Lovastatin has direct renal hemodynamic effects in a rodent model.

PURPOSE: Lovastatin, an HMG-CoA reductase inhibitor, has been shown to preserve renal function in models of chronic renal failure. We determined the effect of lovastatin on renal function and hemodynamics in normal nonpathologic kidneys in a rodent model.
MATERIALS AND METHODS: Renal function was measured in anesthetized (Inactin) control rats (n = 13) and lovastatin-treated rats (15 mg./kg./day, 3 weeks, orally, n = 17). Renal blood flow was measured with an ultrasonic flowprobe, and glomerular filtration rate was measured by inulin clearance.
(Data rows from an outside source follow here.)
(* Let $n\geq 3$, $p,q>0$ with $pq>1$, $\alpha\in(0,n)$ and $\sigma_1,\sigma_2\in[0,\alpha)$, and consider the system $$u(x)=\int_{\mathbb{R}^n}\frac{v(y)^q}{|x-y|^{n-\alpha}|y|^{\sigma_1}}\,dy,\qquad v(x)=\int_{\mathbb{R}^n}\frac{u(y)^p}{|x-y|^{n-\alpha}|y|^{\sigma_2}}\,dy,\qquad x\in\mathbb{R}^n.$$ (i) If $u,v$ are bounded and decaying positive solutions of this system, then there exists a constant $C>0$ such that, as $|x|\to\infty$, $u(x)\leq C|x|^{-q_0}$ and $v(x)\leq C|x|^{-p_0}$. (ii) Suppose $q\geq p$ and $\sigma_1\geq\sigma_2$, and let $u,v$ be positive solutions of the system. Then there exists a constant $c>0$ such that, as $|x|\to\infty$, $$u(x)\geq \frac{c}{|x|^{n-\alpha}}\quad\text{and}\quad v(x)\geq \frac{c}{|x|^{\min\{n-\alpha,\ p(n-\alpha)-(\alpha-\sigma_2)\}}}.$$
   Context: A positive solution is a pair of positive functions $u,v$ on $\mathbb{R}^n$ satisfying both equations. Define $$p_0=\frac{\alpha(1+p)-(\sigma_2+\sigma_1p)}{pq-1},\qquad q_0=\frac{\alpha(1+q)-(\sigma_1+\sigma_2q)}{pq-1}.$$ The notation $f(x)\simeq g(x)$ means that there exist constants $c,C>0$ with $cg(x)\leq f(x)\leq Cg(x)$ as $|x|\to\infty$. A positive solution $u,v$ is called decaying if $u(x)\simeq|x|^{-\theta_1}$ and $v(x)\simeq|x|^{-\theta_2}$ for some $\theta_1,\theta_2>0$. *)

theory Defs
  imports "HOL-Analysis.Analysis"
begin

definition weighted_riesz ::
  "real \<Rightarrow> real \<Rightarrow> (real^'n \<Rightarrow> real) \<Rightarrow> real^'n \<Rightarrow> ennreal" where
  "weighted_riesz \<alpha> \<sigma> f x =
     (\<integral>\<^sup>+ y. ennreal (f y / (norm (x - y) powr (real CARD('n) - \<alpha>) * norm y powr \<sigma>)) \<partial>lborel)"

text \<open>A positive solution: positive measurable u, v with
  u(x) = int v(y)^q / (|x-y|^(n-alpha) |y|^sigma1) dy and
  v(x) = int u(y)^p / (|x-y|^(n-alpha) |y|^sigma2) dy for every x
  (the integrals being finite, since u, v are real-valued).\<close>
definition positive_solution ::
  "real \<Rightarrow> real \<Rightarrow> real \<Rightarrow> real \<Rightarrow> real \<Rightarrow> (real^'n \<Rightarrow> real) \<Rightarrow> (real^'n \<Rightarrow> real) \<Rightarrow> bool" where
  "positive_solution p q \<alpha> \<sigma>\<^sub>1 \<sigma>\<^sub>2 u v \<longleftrightarrow>
     (\<forall>x. u x > 0) \<and> (\<forall>x. v x > 0) \<and>
     u \<in> borel_measurable lborel \<and> v \<in> borel_measurable lborel \<and>
     (\<forall>x. ennreal (u x) = weighted_riesz \<alpha> \<sigma>\<^sub>1 (\<lambda>y. v y powr q) x) \<and>
     (\<forall>x. ennreal (v x) = weighted_riesz \<alpha> \<sigma>\<^sub>2 (\<lambda>y. u y powr p) x)"

definition decays_like :: "(real^'n \<Rightarrow> real) \<Rightarrow> real \<Rightarrow> bool" where
  "decays_like f \<theta> \<longleftrightarrow> (\<exists>c C. c > 0 \<and> C > 0 \<and>
     (\<forall>\<^sub>F x in at_infinity. c * norm x powr (-\<theta>) \<le> f x \<and> f x \<le> C * norm x powr (-\<theta>)))"

definition decaying :: "(real^'n \<Rightarrow> real) \<Rightarrow> (real^'n \<Rightarrow> real) \<Rightarrow> bool" where
  "decaying u v \<longleftrightarrow> (\<exists>\<theta>\<^sub>1 \<theta>\<^sub>2. \<theta>\<^sub>1 > 0 \<and> \<theta>\<^sub>2 > 0 \<and> decays_like u \<theta>\<^sub>1 \<and> decays_like v \<theta>\<^sub>2)"

definition p0 :: "real \<Rightarrow> real \<Rightarrow> real \<Rightarrow> real \<Rightarrow> real \<Rightarrow> real" where
  "p0 p q \<alpha> \<sigma>\<^sub>1 \<sigma>\<^sub>2 = (\<alpha> * (1 + p) - (\<sigma>\<^sub>2 + \<sigma>\<^sub>1 * p)) / (p * q - 1)"

definition q0 :: "real \<Rightarrow> real \<Rightarrow> real \<Rightarrow> real \<Rightarrow> real \<Rightarrow> real" where
  "q0 p q \<alpha> \<sigma>\<^sub>1 \<sigma>\<^sub>2 = (\<alpha> * (1 + q) - (\<sigma>\<^sub>1 + \<sigma>\<^sub>2 * q)) / (p * q - 1)"

end

theory Submission
  imports Defs
begin

(*
  Integrating the kernel only over the ball B(x, |x|/2), where |y| is comparable to |x|, turns a
  lower bound v(y) \<ge> c |y|^(-\<theta>2) into u(x) \<ge> K |x|^(\<alpha> - \<sigma>1 - q \<theta>2). For a decaying
  solution, u \<simeq> |x|^(-\<theta>1) and v \<simeq> |x|^(-\<theta>2), this forces \<theta>1 \<le> q \<theta>2 + \<sigma>1 - \<alpha>
  and symmetrically \<theta>2 \<le> p \<theta>1 + \<sigma>2 - \<alpha>; as p q > 1 these give \<theta>1 \<ge> q0 and \<theta>2 \<ge> p0.
  For the lower bounds, integrating over the unit ball instead, where |x - y| \<le> 2|x|, gives
  u, v \<ge> c |x|^(\<alpha> - n); the ball estimate applied to this bound for u then gives
  v \<ge> K |x|^(\<alpha> - \<sigma>2 - p (n - \<alpha>)).
*)

lemma eventually_norm_ge_at_infinity:
  "\<forall>\<^sub>F x in at_infinity. c \<le> norm (x :: 'a :: real_normed_vector)"
  by (rule eventually_at_infinityI)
The effect of lovastatin on pre- and postglomerular vessel diameters was also observed in a hydronephrotic kidney preparation by videomicroscopy.
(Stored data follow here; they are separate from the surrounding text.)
lemma apairing_moves_locally_confluent:
  assumes "\<And>a. \<tau> (\<tau> a) = a" "is_apairing \<tau> P" "apairing_move \<tau> P P\<^sub>1" "apairing_move \<tau> P P\<^sub>2"
  shows "\<exists>R\<^sub>1 R\<^sub>2. (apairing_move \<tau>)\<^sup>*\<^sup>* P\<^sub>1 R\<^sub>1 \<and> (apairing_move \<tau>)\<^sup>*\<^sup>* P\<^sub>2 R\<^sub>2 \<and> apairing_iso \<tau> R\<^sub>1 R\<^sub>2"
proof -
  have common_reduct: "\<exists>R\<^sub>1 R\<^sub>2. (apairing_move \<tau>)\<^sup>*\<^sup>* Q\<^sub>1 R\<^sub>1 \<and> (apairing_move \<tau>)\<^sup>*\<^sup>* Q\<^sub>2 R\<^sub>2 \<and> apairing_iso \<tau> R\<^sub>1 R\<^sub>2"
    if "\<exists>R. (apairing_move \<tau>)\<^sup>*\<^sup>* Q\<^sub>1 R \<and> (apairing_move \<tau>)\<^sup>*\<^sup>* Q\<^sub>2 R" for Q\<^sub>1 Q\<^sub>2
    using that apairing_iso_refl by blast
  obtain S s l b where P: "P = (S, s, l, b)" by (cases P)
  from assms(3)[unfolded P] show ?thesis
  proof (cases rule: apairing_move_cases)
    case P\<^sub>1: (1 A)
    from assms(4)[unfolded P] show ?thesis
    proof (cases rule: apairing_move_cases)
      case P\<^sub>2: (1 A')
      show ?thesis unfolding P\<^sub>1(2) P\<^sub>2(2)
        by (rule common_reduct, rule annihilating_annihilating_join) (fact P\<^sub>1(1) P\<^sub>2(1))+
    next
      case P\<^sub>2: (2 B C)
      show ?thesis unfolding P\<^sub>1(2) P\<^sub>2(2)
        by (rule common_reduct, rule annihilating_twins_join[OF assms(1)]) (fact P\<^sub>1(1) P\<^sub>2(1))+
    qed
  next
    case P\<^sub>1: (2 A B)
    from assms(4)[unfolded P] show ?thesis
    proof (cases rule: apairing_move_cases)
      case P\<^sub>2: (1 A')
      have "\<exists>R. (apairing_move \<tau>)\<^sup>*\<^sup>* P\<^sub>2 R \<and> (apairing_move \<tau>)\<^sup>*\<^sup>* P\<^sub>1 R"
        unfolding P\<^sub>1(2) P\<^sub>2(2) by (rule annihilating_twins_join[OF assms(1) P\<^sub>2(1) P\<^sub>1(1)])
      then show ?thesis using common_reduct by blast
    next
      case P\<^sub>2: (2 C D)
      show ?thesis unfolding P\<^sub>1(2) P\<^sub>2(2)
        by (rule twins_twins_join[OF assms(1) assms(2)[unfolded P] P\<^sub>1(1) P\<^sub>2(1)])
    qed
  qed
qed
RESULTS: Lovastatin significantly increased (p < 0.05) renal blood flow and glomerular filtration rate by 17% (3.4 +/- 0.2 ml./min./gram kidney weight (gKW) versus 2.9 +/- 0.2 ml./min./gKW) and 49% (0.67 +/- 0.04 ml./min./gKW versus 0.45 +/- 0.06 ml./min./gKW). The increase in renal blood flow was mediated by preglomerular vasodilation (expressed as percent increase from baseline diameter, n = 20), 25% in the interlobular artery and 20% in the afferent arteriole (p < 0.05).
CONCLUSIONS: In addition to its known lipid-lowering properties, lovastatin has a direct renal hemodynamic effect, increasing renal blood flow and glomerular filtration rate in normal nonpathologic kidneys. Lovastatin's selective preglomerular vasodilation may account for the observed increase in renal blood flow and glomerular filtration rate. Accordingly, this additional hemodynamic effect may be useful in preserving renal function in models of chronic renal failure.